**About this exercise**
Write out exactly the lines below that run from the one containing "unfolding emp_loss_labelled_samples sum.distrib" through the one containing "(x \<inter> y \<noteq>", both included, with no other lines.

[Stored data entries]
++++++++++

lemma n_comp_insert_edge:
  assumes "finite Q"
  shows "int (n_comp (insert {a, b} E) Q)
       = int (n_comp E Q) - of_bool ({a, b} \<subseteq> Q \<and> (a, b) \<notin> comp_rel E Q)"
proof -
  let ?R = "comp_rel E Q"
  consider "a \<notin> Q \<or> b \<notin> Q" | "{a, b} \<subseteq> Q" "(a, b) \<in> ?R" | "{a, b} \<subseteq> Q" "(a, b) \<notin> ?R"
    by blast
  then show ?thesis
  proof cases
    case 1
    then show ?thesis
      by (auto simp: n_comp_def comp_rel_insert_edge_outside[OF 1])
  next
    case 2
    have "?R``{a, b} \<times> ?R``{a, b} \<subseteq> ?R"
      using 2 equiv_comp_rel[of Q E]
      by (auto simp: eq_equiv_class_iff dest: equiv_class_eq_iff[THEN iffD1] intro: equiv_class_eq)
    then show ?thesis
      using 2 by (simp add: n_comp_def comp_rel_insert_edge Un_absorb2)
  next
    case 3
    then show ?thesis
      using card_quotient_merge_classes[OF assms equiv_comp_rel, of a b E]
      by (simp add: n_comp_def comp_rel_insert_edge)
  qed
qed

lemma n_edges_insert:
  assumes "finite Q" "e \<notin> E"
  shows "n_edges (insert e E) Q = n_edges E Q + of_bool (e \<subseteq> Q)"
proof -
  have "finite {x \<in> E. x \<subseteq> Q}"
    by (rule finite_subset[of _ "Pow Q"]) (use assms(1) in auto)
  moreover have "{x \<in> insert e E. x \<subseteq> Q}
      = (if e \<subseteq> Q then insert e {x \<in> E. x \<subseteq> Q} else {x \<in> E. x \<subseteq> Q})"
    by auto
  ultimately show ?thesis
    using assms(2) by (simp add: n_edges_def)
qed

lemma Jb_eq_comp_edges: "Jb E Q = 2 * int (n_comp E Q) + int (n_edges E Q) - int (card Q)"
  by (simp add: Jb_def betti1_def)
(* Let $c \geq 1$ and let $\phi : (0,1) \rightarrow \mathbb{R}^+$ be a measurable function such that $$\frac{1}{|I|}\int_I \phi(x)\,dx \leq c \cdot \operatorname{ess\,inf}_{I}(\phi)$$ for every subinterval $I$ of $(0,1)$. Then the decreasing rearrangement $\phi^*$ of $\phi$ satisfies the same condition with the same constant $c$, i.e. $$\frac{1}{|I|}\int_I \phi^*(x)\,dx \leq c \cdot \operatorname{ess\,inf}_{I}(\phi^* )$$ for every subinterval $I$ of $(0,1)$.
   Context: $|\cdot|$ denotes Lebesgue measure on $\mathbb{R}$. The decreasing rearrangement of $\phi$ is defined for $t \in (0,1]$ by $$\phi^*(t) = \sup_{\substack{e \subset (0,1)\\ |e| \geq t}} \Big[\inf_{x \in e} \phi(x)\Big],$$ the supremum being over measurable sets $e$; $\phi^*$ is non-increasing, left continuous and equimeasurable with $\phi$. *)

theory Defs
  imports "HOL-Analysis.Analysis"
begin

definition ess_inf_on :: "(real \<Rightarrow> real) \<Rightarrow> real set \<Rightarrow> ennreal" where
  "ess_inf_on f I = Sup {a :: ennreal. AE x in lebesgue. x \<in> I \<longrightarrow> a \<le> ennreal (f x)}"

definition decr_rearr :: "(real \<Rightarrow> real) \<Rightarrow> real \<Rightarrow> real" where
  "decr_rearr \<phi> t = Sup {Inf (\<phi> ` e) | e. e \<in> sets lebesgue \<and> e \<subseteq> {0<..<1}
                                      \<and> measure lebesgue e \<ge> t}"
lemma norm_residual_le_of_normal_equation:
  fixes M :: "real^'n^'m"
  assumes "transpose M *v (M *v g - y) = 0"
  shows "norm (M *v g - y) \<le> norm (M *v g' - y)"
proof -
  have split: "M *v g' - y = (M *v g - y) + M *v (g' - g)"
    by (simp add: matrix_vector_mult_diff_distrib)
  have "orthogonal (M *v g - y) (M *v (g' - g))"
    using assms dot_lmul_matrix[of "M *v g - y" M "g' - g"] by (simp add: orthogonal_def)
  then have "(norm (M *v g' - y))\<^sup>2 = (norm (M *v g - y))\<^sup>2 + (norm (M *v (g' - g)))\<^sup>2"
    unfolding split by (rule norm_add_Pythagorean)
  then have "(norm (M *v g - y))\<^sup>2 \<le> (norm (M *v g' - y))\<^sup>2"
    using zero_le_power2[of "norm (M *v (g' - g))"] by linarith
  then show ?thesis
    using norm_ge_zero by (rule power2_le_imp_le)
qed

text \<open>
  At a stationary point of \<open>\<parallel>\<Phi> g - y\<parallel>\<^sup>2 + \<lambda> g\<^sup>T K\<^sup>-\<^sup>1 g\<close> the rank-one perturbation
  \<open>(\<lambda>/\<parallel>r\<parallel>\<^sup>2) r (K\<^sup>-\<^sup>1 g)\<^sup>T\<close>, \<open>r = \<Phi> g - y\<close>, keeps the residual parallel to r and cancels the
  term \<open>\<Phi>\<^sup>T r = -\<lambda> K\<^sup>-\<^sup>1 g\<close> in the normal equation.
\<close>
lemma worst_case_perturbation:
  fixes Phi :: "real^'n^'m" and K :: "real^'n^'n"
  assumes K: "sym_pos_def_mat K" and lam: "lam > 0" and r: "Phi *v g - y \<noteq> 0"
    and stationary: "transpose Phi *v (Phi *v g - y) = - lam *\<^sub>R (matrix_inv K *v g)"
  defines "\<rho> \<equiv> lam * sqrt (g \<bullet> (matrix_inv K *v g)) / norm (Phi *v g - y)"
  obtains D where "K_norm K D = \<rho>"
    and "norm ((Phi + D) *v g - y) = norm (Phi *v g - y) + \<rho> * sqrt (g \<bullet> (matrix_inv K *v g))"
    and "transpose (Phi + D) *v ((Phi + D) *v g - y) = 0"
proof -
  define r where "r = Phi *v g - y"
  define w where "w = matrix_inv K *v g"
  define q where "q = g \<bullet> w"
  define a where "a = lam / (norm r)\<^sup>2"
  define D :: "real^'n^'m" where "D = (\<chi> i j. (a *\<^sub>R r)$i * w$j)"
  have nr: "norm r > 0" using r by (simp add: r_def)
  have q: "q \<ge> 0" using quadratic_form_matrix_inv_nonneg[OF K] by (simp add: q_def w_def)
  have wKw: "w \<bullet> (K *v w) = q"
    using quadratic_form_matrix_inv[OF K, of g] by (simp add: q_def w_def)
  have "K_norm K D = a * norm r * sqrt q"
    unfolding D_def K_norm_outer_product wKw using lam by (simp add: a_def)
  then have norm_D: "K_norm K D = \<rho>"
    using nr by (simp add: \<rho>_def a_def power2_eq_square flip: r_def q_def w_def)
  have residual: "(Phi + D) *v g - y = (1 + a * q) *\<^sub>R r"
    unfolding matrix_vector_mult_add_rdistrib D_def outer_product_mult_vector
    by (simp add: r_def q_def inner_commute algebra_simps)
  have "a * q \<ge> 0" using lam q by (simp add: a_def)
  then have "norm ((Phi + D) *v g - y) = (1 + a * q) * norm r"
    unfolding residual by simp
  also have "\<dots> = norm r + \<rho> * sqrt q"
    using nr q by (simp add: \<rho>_def a_def power2_eq_square field_simps flip: r_def q_def w_def)
  finally have attained:
    "norm ((Phi + D) *v g - y) = norm (Phi *v g - y) + \<rho> * sqrt (g \<bullet> (matrix_inv K *v g))"
    by (simp add: r_def q_def w_def)
  have "transpose (Phi + D) *v r = transpose Phi *v r + (a *\<^sub>R r \<bullet> r) *\<^sub>R w"
    unfolding transpose_add matrix_vector_mult_add_rdistrib D_def transpose_outer_product_mult_vector ..
  also have "\<dots> = 0"
    using stationary nr by (simp add: a_def power2_norm_eq_inner r_def w_def)
  finally have "transpose (Phi + D) *v ((Phi + D) *v g - y) = 0"
    by (simp add: residual matrix_vector_mult_scaleR)
  with norm_D attained show ?thesis by (rule that)
qed
(* Let $\mathcal H=\{h_i:i\in\mathbb N\}$ be the class of singletons over $\mathbb N$, where $h_i(x)=1$ if $x=i$ and $h_i(x)=-1$ otherwise. There are two maps $F_a,F_b:\{0,1\}^n\to([n]\times\{\pm1\})^n$ such that for all $x,y\in\{0,1\}^n$, with $S=(F_a(x),F_b(y))$ (the concatenation, a sample of size $2n$) and identifying $x,y$ with subsets of $[n]$: (1) if $x\cap y=\emptyset$ then $L_S(f)\ge\frac{|x|+|y|}{2n}$ for every $f:[n]\to\{\pm1\}$; (2) if $x\cap y\ne\emptyset$ then $L_S(h)\le\frac{|x|+|y|-2}{2n}$ for some $h\in\mathcal H$.
   Context: For a sample $S$ (finite sequence of pairs $(x,y)$ with $y\in\{\pm1\}$) and hypothesis $h$, $L_S(h)=\frac{1}{|S|}\sum_{(x,y)\in S}1[h(x)\ne y]$. *)

theory Defs
  imports Complex_Main
begin

definition emp_loss :: "(nat \<times> int) list \<Rightarrow> (nat \<Rightarrow> int) \<Rightarrow> real" where
  "emp_loss S h = (\<Sum>(x,y)\<leftarrow>S. if h x \<noteq> y then 1 else 0) / real (length S)"

definition singleton_hyp :: "nat \<Rightarrow> nat \<Rightarrow> int" where
  "singleton_hyp i x = (if x = i then 1 else -1)"

end

theory Submission
  imports Defs
begin

text \<open>Encode a set \<open>A \<subseteq> [n]\<close> as the sample labelling each point \<open>i \<in> [n]\<close> by \<open>+1\<close> iff \<open>i \<in> A\<close>,
  and let both maps be this encoding. Since \<open>x\<close> and \<open>y\<close> label every point twice,
  a point \<open>j\<close> costs any hypothesis at least one mistake whenever it lies in exactly one of \<open>x, y\<close>;
  this gives \<open>|x| + |y|\<close> mistakes when \<open>x \<inter> y = {}\<close>. If \<open>i \<in> x \<inter> y\<close>, the singleton \<open>h\<^sub>i\<close> errs
  exactly on \<open>(x - {i}) \<union> (y - {i})\<close> counted with multiplicity, i.e. \<open>|x| + |y| - 2\<close> times.\<close>

definition sign_label :: "nat set \<Rightarrow> nat \<Rightarrow> int" where
  "sign_label A i = (if i \<in> A then 1 else -1)"

definition labelled_sample :: "nat \<Rightarrow> nat set \<Rightarrow> (nat \<times> int) list" where
  "labelled_sample n A = map (\<lambda>i. (i, sign_label A i)) [1..<Suc n]"

lemma length_labelled_sample [simp]: "length (labelled_sample n A) = n"
  by (simp add: labelled_sample_def)

lemma set_labelled_sample: "set (labelled_sample n A) \<subseteq> {1..n} \<times> {-1, 1}"
  by (auto simp: labelled_sample_def sign_label_def split: if_splits)

lemma mistakes_labelled_sample:
  "(\<Sum>(p, q)\<leftarrow>labelled_sample n A. if f p \<noteq> q then 1 else 0)
     = (\<Sum>i\<in>{1..n}. of_bool (f i \<noteq> sign_label A i) :: real)"
  unfolding labelled_sample_def
  by (simp only: map_map o_def case_prod_conv of_bool_def[symmetric]
      sum_list_distinct_conv_sum_set[OF distinct_upt] set_upt atLeastLessThanSuc_atLeastAtMost)

lemma emp_loss_labelled_samples:
  "emp_loss (labelled_sample n x @ labelled_sample n y) f
     = (\<Sum>i\<in>{1..n}. of_bool (f i \<noteq> sign_label x i) + of_bool (f i \<noteq> sign_label y i))
       / real (2 * n)"
  unfolding emp_loss_def map_append sum_list_append mistakes_labelled_sample sum.distrib
    length_append length_labelled_sample mult_2 ..

lemma card_eq_sum_of_bool:
  "(A :: nat set) \<subseteq> {1..n} \<Longrightarrow> real (card A) = (\<Sum>j\<in>{1..n}. of_bool (j \<in> A))"
  by (simp add: Int_absorb1)

lemma mistakes_on_disjoint_labels:
  assumes "f j \<in> {-1, 1}" and "x \<inter> y = {}"
  shows "of_bool (j \<in> x) + of_bool (j \<in> y)
           \<le> (of_bool (f j \<noteq> sign_label x j) + of_bool (f j \<noteq> sign_label y j) :: real)"
  using assms by (auto simp: sign_label_def)

lemma singleton_hyp_mistake:
  assumes "i \<in> A"
  shows "(of_bool (singleton_hyp i j \<noteq> sign_label A j) :: real) = of_bool (j \<in> A) - of_bool (j = i)"
  using assms by (auto simp: singleton_hyp_def sign_label_def)

lemma emp_loss_lower_bound_disjoint:
  assumes "x \<subseteq> {1..n}" "y \<subseteq> {1..n}" "x \<inter> y = {}" and "f ` {1..n} \<subseteq> {-1, 1}"
  shows "emp_loss (labelled_sample n x @ labelled_sample n y) f \<ge> real (card x + card y) / real (2 * n)"
proof -
  have "real (card x + card y) = (\<Sum>j\<in>{1..n}. of_bool (j \<in> x) + of_bool (j \<in> y))"
    by (simp only: of_nat_add sum.distrib card_eq_sum_of_bool[OF assms(1)]
        card_eq_sum_of_bool[OF assms(2)])
  also have "\<dots> \<le> (\<Sum>j\<in>{1..n}. of_bool (f j \<noteq> sign_label x j) + of_bool (f j \<noteq> sign_label y j))"
    using assms(3,4) by (intro sum_mono mistakes_on_disjoint_labels) (auto simp: image_subset_iff)
  finally show ?thesis
    unfolding emp_loss_labelled_samples by (rule divide_right_mono) simp
qed

lemma emp_loss_singleton_hyp_common_point:
  assumes "x \<subseteq> {1..n}" "y \<subseteq> {1..n}" "i \<in> x" "i \<in> y"
  shows "emp_loss (labelled_sample n x @ labelled_sample n y) (singleton_hyp i)
           = (real (card x + card y) - 2) / real (2 * n)"
proof -
  have i_range: "(\<Sum>j\<in>{1..n}. of_bool (j = i) :: real) = 1"
    using assms(1,3) by auto
  have mistakes: "(\<Sum>j\<in>{1..n}. of_bool (singleton_hyp i j \<noteq> sign_label A j) :: real)
      = real (card A) - 1" if "A \<subseteq> {1..n}" "i \<in> A" for A
    by (simp only: singleton_hyp_mistake[OF that(2)] sum_subtractf i_range
        card_eq_sum_of_bool[OF that(1), symmetric])
  show ?thesis
    unfolding emp_loss_labelled_samples sum.distrib mistakes[OF assms(1,3)] mistakes[OF assms(2,4)]
    by simp
qed

theorem lemma3:
  fixes n :: nat
  shows "\<exists>Fa Fb :: nat set \<Rightarrow> (nat \<times> int) list.
    (\<forall>x. x \<subseteq> {1..n} \<longrightarrow>
        length (Fa x) = n \<and> set (Fa x) \<subseteq> {1..n} \<times> {-1, 1} \<and>
        length (Fb x) = n \<and> set (Fb x) \<subseteq> {1..n} \<times> {-1, 1}) \<and>
    (\<forall>x y. x \<subseteq> {1..n} \<longrightarrow> y \<subseteq> {1..n} \<longrightarrow>
       (x \<inter> y = {} \<longrightarrow>
          (\<forall>f :: nat \<Rightarrow> int. f ` {1..n} \<subseteq> {-1, 1} \<longrightarrow>
             emp_loss (Fa x @ Fb y) f \<ge> real (card x + card y) / real (2 * n))) \<and>
       (x \<inter> y \<noteq> {} \<longrightarrow>
          (\<exists>i. emp_loss (Fa x @ Fb y) (singleton_hyp i)
                 \<le> (real (card x + card y) - 2) / real (2 * n))))"
proof (intro exI[of _ "labelled_sample n"] conjI allI impI)
  fix x y assume x: "x \<subseteq> {1..n}" and y: "y \<subseteq> {1..n}"
  {
    fix f :: "nat \<Rightarrow> int" assume "x \<inter> y = {}" "f ` {1..n} \<subseteq> {-1, 1}"
    with x y show "emp_loss (labelled_sample n x @ labelled_sample n y) f
                     \<ge> real (card x + card y) / real (2 * n)"
      by (rule emp_loss_lower_bound_disjoint)
  next
    assume "x \<inter> y \<noteq> {}"
    then obtain i where "i \<in> x" "i \<in> y"
      by blast
    with x y have "emp_loss (labelled_sample n x @ labelled_sample n y) (singleton_hyp i)
                     = (real (card x + card y) - 2) / real (2 * n)"
      by (rule emp_loss_singleton_hyp_common_point)
    then show "\<exists>i. emp_loss (labelled_sample n x @ labelled_sample n y) (singleton_hyp i)
                 \<le> (real (card x + card y) - 2) / real (2 * n)"
      by (metis order.refl)
  }
qed (simp_all only: length_labelled_sample set_labelled_sample)

end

++++++++++

**Result**
    unfolding emp_loss_labelled_samples sum.distrib mistakes[OF assms(1,3)] mistakes[OF assms(2,4)]
    by simp
qed

theorem lemma3:
  fixes n :: nat
  shows "\<exists>Fa Fb :: nat set \<Rightarrow> (nat \<times> int) list.
    (\<forall>x. x \<subseteq> {1..n} \<longrightarrow>
        length (Fa x) = n \<and> set (Fa x) \<subseteq> {1..n} \<times> {-1, 1} \<and>
        length (Fb x) = n \<and> set (Fb x) \<subseteq> {1..n} \<times> {-1, 1}) \<and>
    (\<forall>x y. x \<subseteq> {1..n} \<longrightarrow> y \<subseteq> {1..n} \<longrightarrow>
       (x \<inter> y = {} \<longrightarrow>
          (\<forall>f :: nat \<Rightarrow> int. f ` {1..n} \<subseteq> {-1, 1} \<longrightarrow>
             emp_loss (Fa x @ Fb y) f \<ge> real (card x + card y) / real (2 * n))) \<and>
       (x \<inter> y \<noteq> {} \<longrightarrow>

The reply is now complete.